The FitzHugh-Nagumo (FN) equations are a classic Ion channel model that describes spike potentials. The system consists of $X=(V,R)$ , where $V$ is the variable defining the voltage of the neuron membrane potential and $R$ is the recovery variable from neuron currents, satisfying the ODE

\mathbf{f}(X,\bm{\theta},t)=\begin{pmatrix}c(V-\dfrac{V^{3}}{3}+R)\\ -\dfrac{1}{c}(V-a+bR)\end{pmatrix}

where $\bm{\theta}=(a,b,c)$ are the associated parameters. As in [15, 11], the true parameters are set to $a=0.2,b=0.2,c=3$ , and we generate the true trajectories for this model using a numerical solver with initial conditions $V=-1$ , $R=1$ .

Table 3: Parameter inference in the FN model based on 100 simulated datasets. For each method, average parameter estimates are reported together with standard deviation; parameter RMSEs across simulations are also reported. The boldface highlights the best method in terms of parameter RMSE for each parameter.

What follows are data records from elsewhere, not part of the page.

text \<open>
  For distinct generators \<open>j, k\<close> and a unit vector \<open>f\<close> put \<open>u = S\<^sub>j f\<close>, \<open>v = S\<^sub>k f\<close>;
  both have norm 1 since the \<open>S\<^sub>j\<close> are isometries. The hypotheses on \<open>\<rho>(s\<^sub>\<lambda>)\<close>, applied to
  \<open>\<lambda> = e\<^sub>j \<plusminus> e\<^sub>k\<close>, give \<open>\<parallel>u \<plusminus> v\<parallel>\<^sub>p\<^sup>p \<le> 2\<close> when \<open>p > 2\<close>, and \<open>= 2\<close> when \<open>p < 2\<close>.
  In both cases \<open>\<parallel>u+v\<parallel>\<^sup>p + \<parallel>u-v\<parallel>\<^sup>p\<close> lies on the wrong side of \<open>2(\<parallel>u\<parallel>\<^sup>p + \<parallel>v\<parallel>\<^sup>p)\<close> for
  Clarkson's inequality, whose pointwise form is strict where \<open>u v \<noteq> 0\<close>; hence \<open>u v = 0\<close> a.e.
  Homogeneity and polarization extend this to \<open>S\<^sub>j f \<cdot> S\<^sub>k g = 0\<close> a.e. for all \<open>f, g\<close>. Finally
  \<open>\<sigma>\<close>-finiteness yields, for each \<open>j\<close>, a measurable essential support \<open>X\<^sub>j\<close> of the range of
  \<open>S\<^sub>j\<close> (a countable union of supports), and these are disjoint up to a null set.
\<close>

lemma powr_concave:
  assumes "0 < q" "q \<le> 1"
  shows "concave_on {0<..} (\<lambda>x::real. x powr q)"
proof (rule f''_le0_imp_concave[where f'="\<lambda>x. q * x powr (q - 1)"
                                  and f''="\<lambda>x. q * ((q - 1) * x powr (q - 2))"])
  fix x :: real assume x: "x \<in> {0<..}"
  show "((\<lambda>x. x powr q) has_real_derivative q * x powr (q - 1)) (at x)"
    using x by (auto intro!: derivative_eq_intros)
  show "((\<lambda>x. q * x powr (q - 1)) has_real_derivative q * ((q - 1) * x powr (q - 2))) (at x)"
    using x by (auto intro!: derivative_eq_intros simp: algebra_simps)
  show "q * ((q - 1) * x powr (q - 2)) \<le> 0"
    using assms x by (intro mult_nonneg_nonpos mult_nonpos_nonneg) auto
qed auto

	MAGI		FGPGM [15]		AGM [11]
$\bm{\theta}$	Estimate	RMSE	Estimate	RMSE	Estimate	RMSE
a	0.19 $\pm$ 0.02	0.02	0.22 $\pm$ 0.04	0.05	0.30 $\pm$ 0.03	0.10
b	0.35 $\pm$ 0.09	0.17	0.32 $\pm$ 0.13	0.18	0.36 $\pm$ 0.06	0.17
c	2.89 $\pm$ 0.06	0.13	2.85 $\pm$ 0.15	0.21	2.04 $\pm$ 0.14	0.97

To compare MAGI with FGPGM of Ref [15] and AGM of Ref [11], we simulated 100 datasets under the noise setting of $\sigma_{V}=\sigma_{R}=0.2$ with 41 observations. The noise level is chosen to be on similar magnitude with that of [15], and the noise level is set to be the same across the two components as the implementation of [11] can only handle equal-variance noise. The number of repetitions (i.e., 100) is set to be the same as [15] due to the high computing time of these alternative methods.

The parameter estimation results from the three methods are summarized in Table 3, where MAGI has the lowest parameter RMSEs among the three. Fig 2 shows the inferred trajectories obtained by our method: MAGI recovers the system well, and the 95% interval band is so narrow around the truth that we can only see the band clearly after magnification (as shown in the figure inset). The SI provides visual comparison of the inferred trajectories of different methods, where MAGI gives the most consistent results across the simulations. Furthermore, to assess how well the methods recover the system components, we calculated the trajectory RMSEs, and the results are summarized in Table 4, where MAGI significantly outperforms the others, reducing the trajectory RMSE over the best alternative method for 60% in $V$ and 25% in $R$ . We note that compared to the true parameter value, all three methods show some bias in the parameter estimates, which is partly due to the GP prior as discussed in [15], and MAGI appears to have the smallest bias.

For computing cost, the average runtime of MAGI for this system over the repetitions is 3 minutes, which is 145 times faster than FGPGM [15] and 90 times faster than AGM [11] on the same CPU (we follow the authors’ recommendation for running their methods, see SI for details).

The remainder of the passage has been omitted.